SRAM chips are precursors to more complex devices such as microprocessors. The SRAM cell utilises a conventional six-transistor design and has an area of 0.1um2, breaking the previous SRAM scaling barriers.
"We are working at the ultimate edge of what is possible -- progressing toward advanced, next-generation semiconductor technologies," said Dr T.C. Chen, vice president, Science and Technology, IBM Research. "This new development is a critical achievement in the pursuit to continually drive miniaturisation in microelectronics."
According to the company, 22nm is two generations away in chip manufacturing. The next generation is 32nm -- where IBM and its partners are in development with their leading 32nm high-K metal gate technology that no other company or consortium can match.

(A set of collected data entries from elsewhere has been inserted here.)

lemma moment_shape_taylor_approx:
  assumes N3: "N \<ge> 3"
    and meas: "\<And>\<epsilon>. U \<epsilon> \<in> borel_measurable (omega_law m)"
    and taylor: "\<exists>C \<delta>. \<delta> > 0 \<and> (\<forall>\<epsilon> \<omega>. \<bar>\<epsilon>\<bar> < \<delta> \<longrightarrow> \<omega> \<in> space (omega_law m) \<longrightarrow>
                    norm (U \<epsilon> \<omega> - shape_taylor m N D \<epsilon> \<omega>) \<le> C * \<bar>\<epsilon>\<bar> ^ (N + 1))"
  shows "\<exists>K \<delta>. \<delta> > 0 \<and> (\<forall>\<epsilon>. \<bar>\<epsilon>\<bar> < \<delta> \<longrightarrow>
    norm (moment m n U \<epsilon> - (\<integral>\<omega>. shape_taylor m N D \<epsilon> \<omega> ^ n \<partial>omega_law m)) \<le> K * \<epsilon> ^ 4)"
proof -
  obtain C \<delta> where "\<delta> > 0" and C: "\<And>\<epsilon> \<omega>. \<bar>\<epsilon>\<bar> < \<delta> \<Longrightarrow> \<omega> \<in> space (omega_law m) \<Longrightarrow>
      norm (U \<epsilon> \<omega> - shape_taylor m N D \<epsilon> \<omega>) \<le> C * \<bar>\<epsilon>\<bar> ^ (N + 1)"
    using taylor by blast
  obtain B where B: "AE \<omega> in omega_law m. \<forall>\<epsilon>. \<bar>\<epsilon>\<bar> \<le> 1 \<longrightarrow> norm (shape_taylor m N D \<epsilon> \<omega>) \<le> B"
    using shape_taylor_bounded by blast
  show ?thesis
  proof (intro exI conjI allI impI)
    show "min \<delta> 1 > 0"
      using \<open>\<delta> > 0\<close> by simp
    fix \<epsilon> :: real
    assume \<epsilon>: "\<bar>\<epsilon>\<bar> < min \<delta> 1"
    then have "\<bar>\<epsilon>\<bar> \<le> 1"
      by simp
    have "AE \<omega> in omega_law m. norm (shape_taylor m N D \<epsilon> \<omega>) \<le> B"
      using B by eventually_elim (use \<open>\<bar>\<epsilon>\<bar> \<le> 1\<close> in simp)
    moreover have "norm (U \<epsilon> \<omega> - shape_taylor m N D \<epsilon> \<omega>) \<le> C * \<bar>\<epsilon>\<bar> ^ (N + 1)"
      if "\<omega> \<in> space (omega_law m)" for \<omega>
      using C \<epsilon> that by simp
    ultimately show "norm (moment m n U \<epsilon> - (\<integral>\<omega>. shape_taylor m N D \<epsilon> \<omega> ^ n \<partial>omega_law m))
        \<le> (real n * (B + \<bar>C\<bar>) ^ (n - 1) * \<bar>C\<bar>) * \<epsilon> ^ 4"
      using moment_minus_shape_taylor_moment_le[OF N3 \<open>\<bar>\<epsilon>\<bar> \<le> 1\<close> meas] by (simp add: mult.assoc)
  qed
qed

lemma moment_expansion:
  assumes N3: "N \<ge> 3"
    and meas: "\<And>\<epsilon>. U \<epsilon> \<in> borel_measurable (omega_law m)"
    and taylor: "\<exists>C \<delta>. \<delta> > 0 \<and> (\<forall>\<epsilon> \<omega>. \<bar>\<epsilon>\<bar> < \<delta> \<longrightarrow> \<omega> \<in> space (omega_law m) \<longrightarrow>
                    norm (U \<epsilon> \<omega> - shape_taylor m N D \<epsilon> \<omega>) \<le> C * \<bar>\<epsilon>\<bar> ^ (N + 1))"
  shows "\<exists>C \<delta>. \<delta> > 0 \<and> (\<forall>\<epsilon>. \<bar>\<epsilon>\<bar> < \<delta> \<longrightarrow>
    norm (moment m n U \<epsilon> -
      (D [] ^ n + complex_of_real (\<epsilon> ^ 2 / 3) *
         (\<Sum>i<m. of_nat (n choose 2) * D [] ^ (n - 2) * D [i] ^ 2
                + of_nat n * D [] ^ (n - 1) * (1 / 2) * D [i, i])))
    \<le> C * \<epsilon> ^ 4)"
proof -
  let ?I = "\<lambda>\<epsilon>. \<integral>\<omega>. shape_taylor m N D \<epsilon> \<omega> ^ n \<partial>omega_law m"
  let ?c = "\<integral>\<omega>. coeff (shape_taylor_poly m N D \<omega> ^ n) 2 \<partial>omega_law m"
  obtain K1 \<delta> where "\<delta> > 0"
    and K1: "\<And>\<epsilon>. \<bar>\<epsilon>\<bar> < \<delta> \<Longrightarrow> norm (moment m n U \<epsilon> - ?I \<epsilon>) \<le> K1 * \<epsilon> ^ 4"
    using moment_shape_taylor_approx[OF N3 meas taylor] by blast
  obtain K2 where K2: "\<And>\<epsilon>. \<bar>\<epsilon>\<bar> \<le> 1 \<Longrightarrow> norm (?I \<epsilon> - (D [] ^ n + complex_of_real \<epsilon> ^ 2 * ?c)) \<le> K2 * \<epsilon> ^ 4"
    using integral_shape_taylor_power by blast
  have c: "complex_of_real \<epsilon> ^ 2 * ?c = complex_of_real (\<epsilon> ^ 2 / 3) *
      (\<Sum>i<m. of_nat (n choose 2) * D [] ^ (n - 2) * D [i] ^ 2 + of_nat n * D [] ^ (n - 1) * (1 / 2) * D [i, i])"
    for \<epsilon>
    using N3 by (simp add: integral_coeff_shape_taylor_power_2)
  show ?thesis
  proof (intro exI conjI allI impI)
    show "min \<delta> 1 > 0"
      using \<open>\<delta> > 0\<close> by simp
    fix \<epsilon> :: real
    assume "\<bar>\<epsilon>\<bar> < min \<delta> 1"
    then have "norm (moment m n U \<epsilon> - ?I \<epsilon>) + norm (?I \<epsilon> - (D [] ^ n + complex_of_real \<epsilon> ^ 2 * ?c))
        \<le> (K1 + K2) * \<epsilon> ^ 4"
      using K1 K2 by (simp add: distrib_right add_mono)
    then show "norm (moment m n U \<epsilon> - (D [] ^ n + complex_of_real (\<epsilon> ^ 2 / 3) *
         (\<Sum>i<m. of_nat (n choose 2) * D [] ^ (n - 2) * D [i] ^ 2 + of_nat n * D [] ^ (n - 1) * (1 / 2) * D [i, i])))
      \<le> (K1 + K2) * \<epsilon> ^ 4"
      using dist_triangle[of "moment m n U \<epsilon>" "D [] ^ n + complex_of_real \<epsilon> ^ 2 * ?c" "?I \<epsilon>"]
      unfolding dist_norm c by linarith
  qed
qed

Traditionally, an SRAM chip is made more dense by shrinking its basic building block, often referred to as a cell. IBM-alliance researchers optimised the SRAM cell design and circuit layout to improve stability and developed several novel fabrication processes in order to make the new SRAM cell possible. The researchers utilised high-NA immersion lithography to print the aggressive pattern dimensions and densities and fabricated the parts in its 300mm semiconductor research environment.
Key enablers of the SRAM cell include band edge high-K metal gate stacks, transistors with less than 25nm gate lengths, thin spacers, novel co-implants, advanced activation techniques, extremely thin silicide and damascene copper contacts. |